販売台数の増加に伴い販売金融債権が増加するとともに、調達金利の顧客転嫁を進めた結果、増収となりました。一方、資金調達コストの増加、債権増加に伴う貸倒引当費用の増加、ブラジルでの金利スワップ評価損の発生などにより、減益となりました。
【その他】
売上高976億円(前期比124億円・14.6%増加)、営業損失36億円(前期:営業損失12億円)となりました。
米国工場の生産効率改善によりゴルフカーの販売台数が増加し、増収となりましたが、その他セグメント全体では固定費の増加などにより、減益となりました。
□次期連結業績の見通しについて
2024年の業績は、中期経営計画の各種指標を達成する見通しです。新興国の需要はインドネシア、インド、ブラジルがけん引、先進国では米国の高所得者層の消費が堅調に推移すると予想しています。また、海上運賃は減少する見通しです。
リスクとしては、人件費や部品代などのコストの上昇、紅海の物流混乱や為替変動などが挙げられます。また、能登半島地震によるサプライチェーンへの影響については、代替部品の調達などで対応していきます。
連結業績予想については以下のとおりとします。なお、当社は2024年12月期から国際財務報告基準(IFRS)を任意適用します。このため、2024年12月期の連結業績予想はIFRSに基づいて作成し、日本会計基準に基づく2023年度の業績と単純比較しています。
為替レートについては、米ドル140円(当期比1円の円高)、ユーロ150円(同2円の円高)を前提としています。
□利益配分に関する基本方針および当期・次期の配当
当社は、株主の皆様の利益向上を重要な経営課題と位置付け、企業価値の向上に努めています。
当社は、中間配当と期末配当を行うことを基本としており、配当の決定機関は、中間配当については取締役会、期末配当については株主総会としています。
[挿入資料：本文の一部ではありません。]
lemma smult_zero_left [simp]: "sm 0 x = 0"
  using smult_add_left[of 0 0 x] by simp

lemma smult_minus_left: "sm (- a) x = - sm a x"
  using smult_add_left[of a "- a" x] by (simp add: add_eq_0_iff)

lemma smult_inverse_cancel: "a \<noteq> 0 \<Longrightarrow> sm (inverse a) (sm a x) = x"
  by (simp flip: smult_assoc add: smult_one)

lemma lsubspace_diff: "lsubspace sm X \<Longrightarrow> x \<in> X \<Longrightarrow> y \<in> X \<Longrightarrow> x - y \<in> X"
  using lsubspace_smult[of sm X y "- 1"] lsubspace_add[of sm X x "- y"]
  by (simp add: smult_minus_left smult_one)

lemma direct_sum_decomposition_unique:
  assumes F: "lsubspace sm F" and G: "lsubspace sm G" and FG: "F \<inter> G = {0}"
    and "f \<in> F" "f' \<in> F" "g \<in> G" "g' \<in> G" and eq: "f + g = f' + g'"
  shows "f = f' \<and> g = g'"
proof -
  have "f - f' = g' - g" using eq by (simp add: algebra_simps)
  moreover have "f - f' \<in> F" "g' - g \<in> G" using assms(4-7) F G by (simp_all add: lsubspace_diff)
  ultimately have "f - f' = 0" using FG by (metis IntI singletonD)
  then show ?thesis using eq by simp
qed

lemma lspan_singleton: "lspan sm {v} = range (\<lambda>a. sm a v)"
proof
  have "lsubspace sm (range (\<lambda>a. sm a v))"
    unfolding lsubspace_def
  proof (intro conjI ballI allI)
    show "0 \<in> range (\<lambda>a. sm a v)" using smult_zero_left by (metis rangeI)
  next
    fix x y assume "x \<in> range (\<lambda>a. sm a v)" "y \<in> range (\<lambda>a. sm a v)"
    then obtain a b where "x + y = sm (a + b) v" by (auto simp: smult_add_left)
    then show "x + y \<in> range (\<lambda>a. sm a v)" by auto
  next
    fix c x assume "x \<in> range (\<lambda>a. sm a v)"
    then obtain a where "sm c x = sm (c * a) v" by (auto simp: smult_assoc)
    then show "sm c x \<in> range (\<lambda>a. sm a v)" by auto
  qed
  moreover have "v \<in> range (\<lambda>a. sm a v)" by (metis rangeI smult_one)
  ultimately show "lspan sm {v} \<subseteq> range (\<lambda>a. sm a v)" by (simp add: lspan_least)
  show "range (\<lambda>a. sm a v) \<subseteq> lspan sm {v}"
    using lspan_lsubspace lspan_superset lsubspace_smult by fastforce
qed

lemma lspan_pair: "lspan sm {x, y} = {sm a x + sm b y | a b. True}"
proof
  let ?S = "{sm a x + sm b y | a b. True}"
  have "lsubspace sm ?S"
    unfolding lsubspace_def
  proof (intro conjI ballI allI)
    show "0 \<in> ?S" by (metis (mono_tags) add_0 mem_Collect_eq smult_zero_left)
  next
    fix u w assume "u \<in> ?S" "w \<in> ?S"
    then obtain a b c d where "u = sm a x + sm b y" "w = sm c x + sm d y" by auto
    then have "u + w = sm (a + c) x + sm (b + d) y" by (simp add: smult_add_left algebra_simps)
    then show "u + w \<in> ?S" by auto
  next
    fix c u assume "u \<in> ?S"
    then obtain a b where "u = sm a x + sm b y" by auto
    then have "sm c u = sm (c * a) x + sm (c * b) y" by (simp add: smult_add_right smult_assoc)
    then show "sm c u \<in> ?S" by auto
  qed
  moreover have "x = sm 1 x + sm 0 y" "y = sm 0 x + sm 1 y" by (simp_all add: smult_one)
  then have "x \<in> ?S" "y \<in> ?S" by blast+
  ultimately show "lspan sm {x, y} \<subseteq> ?S" by (simp add: lspan_least)
  show "?S \<subseteq> lspan sm {x, y}"
    using lspan_lsubspace[of sm "{x, y}"] lspan_superset[of "{x, y}" sm]
    by (auto intro: lsubspace_add lsubspace_smult)
qed

lemma lspan_pair_exchange:
  assumes y: "y \<in> lspan sm {x, u}" and y_not: "y \<notin> lspan sm {x}"
  shows "lspan sm {x, y} = lspan sm {x, u}"
proof
  obtain a b where y_eq: "y = sm a x + sm b u" using y lspan_pair by auto
  have "b \<noteq> 0"
    using y_eq y_not lspan_singleton by auto
  then have "u = sm (- (inverse b * a)) x + sm (inverse b) y"
    by (simp add: y_eq smult_add_right smult_minus_left smult_inverse_cancel smult_assoc)
  then have "u \<in> lspan sm {x, y}" using lspan_pair by auto
  then show "lspan sm {x, u} \<subseteq> lspan sm {x, y}"
    using lspan_superset[of "{x, y}" sm] by (simp add: lspan_least lspan_lsubspace)
  show "lspan sm {x, y} \<subseteq> lspan sm {x, u}"
    using y lspan_superset[of "{x, u}" sm] by (simp add: lspan_least lspan_lsubspace)
qed

lemma is_line_eq_lspan_pair:
  assumes L: "is_line sm L" and x: "x \<in> L" "x \<noteq> 0" and y: "y \<in> L" "y \<notin> lspan sm {x}"
  shows "L = lspan sm {x, y}"
proof -
  obtain u w where u: "u \<noteq> 0" and w: "w \<notin> lspan sm {u}" and L_eq: "L = lspan sm {u, w}"
    using L is_line_def by blast
  have "\<exists>z. L = lspan sm {x, z}"
  proof (cases "x \<in> lspan sm {w}")
    case False
    then have "lspan sm {w, x} = lspan sm {w, u}"
      using lspan_pair_exchange[of x w u] x L_eq by (simp add: insert_commute)
    then show ?thesis using L_eq by (metis insert_commute)
  next
    case True
    then obtain c where c: "x = sm c w" using lspan_singleton by auto
    with x have "c \<noteq> 0" by auto
    have "x \<notin> lspan sm {u}"
    proof
      assume "x \<in> lspan sm {u}"
      then obtain d where "x = sm d u" using lspan_singleton by auto
      then have "w = sm (inverse c * d) u"
        using c smult_inverse_cancel[OF \<open>c \<noteq> 0\<close>, of w] by (simp add: smult_assoc)
      then show False using w lspan_singleton by auto
    qed
    then have "lspan sm {u, x} = lspan sm {u, w}"
      using lspan_pair_exchange[of x u w] x L_eq by simp
    then show ?thesis using L_eq by (metis insert_commute)
  qed
  then obtain z where "L = lspan sm {x, z}" by blast
  then show ?thesis using lspan_pair_exchange[of y x z] y by simp
qed

lemma line_Int_eq_point:
  assumes L: "is_line sm L" and E: "lsubspace sm E" and not_sub: "\<not> L \<subseteq> E"
    and p: "p \<in> L" "p \<in> E" "p \<noteq> 0"
  shows "L \<inter> E = lspan sm {p}"
proof
  show "lspan sm {p} \<subseteq> L \<inter> E"
    using p E is_line_lsubspace[OF L] lspan_singleton_subset_iff by blast
  show "L \<inter> E \<subseteq> lspan sm {p}"
  proof
    fix q assume q: "q \<in> L \<inter> E"
    show "q \<in> lspan sm {p}"
    proof (rule ccontr)
      assume "q \<notin> lspan sm {p}"
      then have "L = lspan sm {p, q}" using is_line_eq_lspan_pair[OF L p(1,3)] q by blast
      also have "\<dots> \<subseteq> E" using lspan_least[OF E, of "{p, q}"] p(2) q by simp
      finally show False using not_sub by blast
    qed
  qed
qed

lemma line_meeting_complements:
  assumes F: "lsubspace sm F" and G: "lsubspace sm G" and FG: "F \<inter> G = {0}"
    and M: "is_line sm M" "meets sm M F" "meets sm M G"
    and p: "p \<in> M" "p \<notin> F" "p \<notin> G"
  shows "\<exists>f\<in>F. \<exists>g\<in>G. p = f + g \<and> M = lspan sm {f, g}"
proof -
  have M_sub: "lsubspace sm M" using M(1) by (rule is_line_lsubspace)
  obtain f0 where f0: "f0 \<noteq> 0" "f0 \<in> M" "f0 \<in> F" using M meets_iff[OF M_sub F] by blast
  obtain g0 where g0: "g0 \<noteq> 0" "g0 \<in> M" "g0 \<in> G" using M meets_iff[OF M_sub G] by blast
  have "g0 \<notin> F" using g0 FG by blast
  then have "M = lspan sm {f0, g0}"
    using is_line_eq_lspan_pair[OF M(1) f0(2,1) g0(2)] not_in_lspan_singleton[OF F f0(3)] by blast
  then obtain a b where p_eq: "p = sm a f0 + sm b g0" using p(1) lspan_pair by auto
  define f g where "f = sm a f0" and "g = sm b g0"
  have f: "f \<in> F" "f \<in> M" and g: "g \<in> G" "g \<in> M"
    unfolding f_def g_def using f0 g0 F G M_sub by (auto intro: lsubspace_smult)
  have "f \<noteq> 0" using p(3) g(1) p_eq unfolding f_def g_def by auto
  moreover have "g \<notin> F"
  proof
    assume "g \<in> F"
    then have "p \<in> F" using p_eq lsubspace_add[OF F f(1)] unfolding f_def g_def by simp
    with p(2) show False ..
  qed
  ultimately have "M = lspan sm {f, g}"
    using is_line_eq_lspan_pair[OF M(1) f(2)] g(2) not_in_lspan_singleton[OF F f(1)] by blast
  then show ?thesis using f(1) g(1) p_eq unfolding f_def g_def by blast
qed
中間配当は6月30日、期末配当は12月31日を配当の基準日として定款に定めています。
当期の期末配当は、1株につき72.5円の実施を2024年3月21日開催予定の第89期定時株主総会に上程する予定です。これにより、中間配当金(1株につき72.5円)を加えた年間配当金は145円となります。
また、2022年に発表した中期経営計画で示したとおり、新しい株主還元方針のもと、業績の見通しや将来の成長に向けた投資を勘案しつつ、安定的かつ継続的な配当を行います。引き続き、キャッシュ・フローの規模に応じて機動的な株主還元を実施し、総還元性向は中期経営計画期間累計で40%を目安とします。
当社は2024年1月1日を効力発生日として、普通株式1株につき3株の割合で株式分割を行いました。これにより、次期の配当金は年間50円(中間25円、期末25円)となります。加えて200億円の自己株式の取得を予定しています。